Recently, I was researching low-noise DC-DC converters and while reading Linear Technology Application Note 70 found this clever and useful circuit, designed by Jim Williams. The idea is to sense current in power inductor of the converter with another inductor, placed within short distance from the first one. The sensing inductor is connected to a circuit which amplifies and conditions the signal and generates nice clean square wave pulses which can be used to trigger oscilloscope sweep. The probe is isolated from the circuit preventing measurement corruption. As a bonus, analog output of probe amplifier allows observing current waveform through power inductor.
As is often the case with application notes, circuit description and build details are somewhat brief; I’m posting my notes hoping that the information will be helpful for other builders. Also, since BatchPCB doubled my order, I have extra PCBs; if anyone wants to build this circuit on a professionally made PCB with just couple green wires, e-mail me – the PCB can be yours for the price of postage.
To get detailed information about the circuit operation please read the application note. Circuit description starts at page 37.
Some parts used in the original circuit are hard to impossible to find. J.W. Miller #100267 inductor specified in the application note is no longer available. I tried several different 1mH inductors – they all worked. My favorite one is Xicon 434-1120-103K, available through Mouser. The axial construction makes it easy to solder to a cable and it can also be conveniently placed inside a piece of copper pipe to make probe more directional.
CA3096 transistor array was discontinued long time ago. I substituted it with Fairchild FMB3904 and FMB3906. While not a matched pairs, they perform well. Philips makes pin-compatible matched variant of those parts, I’m planning to try it in next revision of the board to see if it makes any difference.
I also made some minor changes to the schematic, mostly to clarify things.
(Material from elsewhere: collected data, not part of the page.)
text \<open>If \<open>S\<close> and \<open>T\<close> share two indices, every term vanishes; if they share exactly one, the two
  surviving terms cancel.\<close>
lemma milnor_mono_mult_overlap:
  assumes fin: "finite S" "finite T" and overlap: "S \<inter> T \<noteq> {}"
  shows "lin_ext (\<lambda>k. mono_mult k (b, T)) (milnor_mono p i (a, S))
           + smul ((-1) ^ card S) (lin_ext (\<lambda>k. mono_mult (a, S) k) (milnor_mono p i (b, T)))
         = (0 :: 'a::comm_ring_1 coh)"
proof -
  let ?E = "\<lambda>j. single j (p ^ i) :: nat \<Rightarrow>\<^sub>0 nat"
  let ?l = "\<lambda>j. smul (of_int (koszul_sign S j)) (mono_mult (a + ?E j, S - {j}) (b, T)) :: 'a coh"
  let ?r = "\<lambda>j. smul (of_int ((-1) ^ card S * koszul_sign T j)) (mono_mult (a, S) (b + ?E j, T - {j})) :: 'a coh"
  have l0: "?l j = 0" and r0: "?r j = 0" if "S \<inter> T \<noteq> {j}" for j
    using that overlap by (auto simp: mono_mult_pair)
  have "(\<Sum>j\<in>S. ?l j) + (\<Sum>j\<in>T. ?r j) = 0"
  proof (cases "\<exists>j. S \<inter> T = {j}")
    case True
    then obtain j where j: "S \<inter> T = {j}"
      by blast
    then have "j \<in> S" "j \<in> T" "(S - {j}) \<inter> T = {}" "S \<inter> (T - {j}) = {}"
              "(S - {j}) \<union> T = S \<union> T" "S \<union> (T - {j}) = S \<union> T"
      by auto
    moreover have "(\<Sum>j\<in>S. ?l j) = ?l j"
      using fin(1) \<open>j \<in> S\<close> l0 j by (subst sum.remove) (auto intro!: sum.neutral)
    moreover have "(\<Sum>j\<in>T. ?r j) = ?r j"
      using fin(2) \<open>j \<in> T\<close> r0 j by (subst sum.remove) (auto intro!: sum.neutral)
    moreover have "of_int (koszul_sign S j) * of_int (sgn (S - {j}) T) =
                     - (of_int (koszul_sign T j) * ((- 1) ^ card S * of_int (sgn S (T - {j}))) :: 'a)"
      using arg_cong[OF sgn_koszul_sign_overlap[OF fin j], of "of_int :: int \<Rightarrow> 'a"]
      by (simp add: ac_simps)
    ultimately show ?thesis
      by (simp add: mono_mult_pair single_add[symmetric] ac_simps)
  next
    case False
    then show ?thesis
      using l0 r0 by simp
  qed
  then show ?thesis
    by (simp add: lin_ext_mono_mult_milnor_left lin_ext_mono_mult_milnor_right smul_sum)
qed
Project files are available from downloads section. This is a preliminary version – I’m planning to re-route the board to make it easier to fit on oscilloscope’s external trigger connector. As you can see on a title picture, analog out (lower left BNC connector, the shiny one) is unusable unless external trigger input connector is placed in the corner of oscilloscope’s front panel, like on this Tektronix 475A.
Also on a title page you can see probe compensation box. Luckily for me I had one from old times – the new ones, available from several parts distributors are ridiculously expensive. Buying old probe from eBay and cannibalizing it for its comp box would be much more economical. Don’t expect using the cable attached to the comp box though since it’s not a regular coax and won’t work. Another good source for small metal boxes with BNC connectors is used RF measurement equipment section on eBay.
Last piece of the setup – power to the amplifier, can be provided in many ways. The easiest is to utilize 5V provided by Tektronix oscilloscope probe power connector. Wall warts work well too.
Using the probe is simple. First, connect analog output to 50ohm oscilloscope input with attenuator set to 0.5V/div and digital output to oscilloscope external trigger input. Place probe inductor in the vicinity of the power inductor and observe current waveform. Adjust spacing to get good peak-to-peak amplitude without clipping. Check your digital output – you should see 5V p-p square-wave signal in phase with input signal crossing the midpoint. You now can use the digital output to trigger the ‘scope while observing output noise of the converter ( which, if your converter is good is too weak and fuzzy to give a good trigger ).
The probe is quite sensitive. Picture to the left shows typical placement. Little test fixture clamped in the Irvin clamp holds a DC-DC converter. The probe is placed on the right – it’s blue 1mH inductor held in alligator clip. The power inductor is on the left side of the converter’s board. The distance is about 1.5cm and circuit performs very well; in fact, this is the closest distance when probe signal passes first stage without clipping. It has to be noted also that the power inductor is of pot core variety and therefore radiates very weak field.
Of course, the probe amplifier can be used to condition not only inductor output but any other signal which won’t overload the input stage. Upper frequency limit is approximately 120MHz. I highly recommend building this circuit and playing with it – it is a useful aid to many common types of oscilloscope measurements.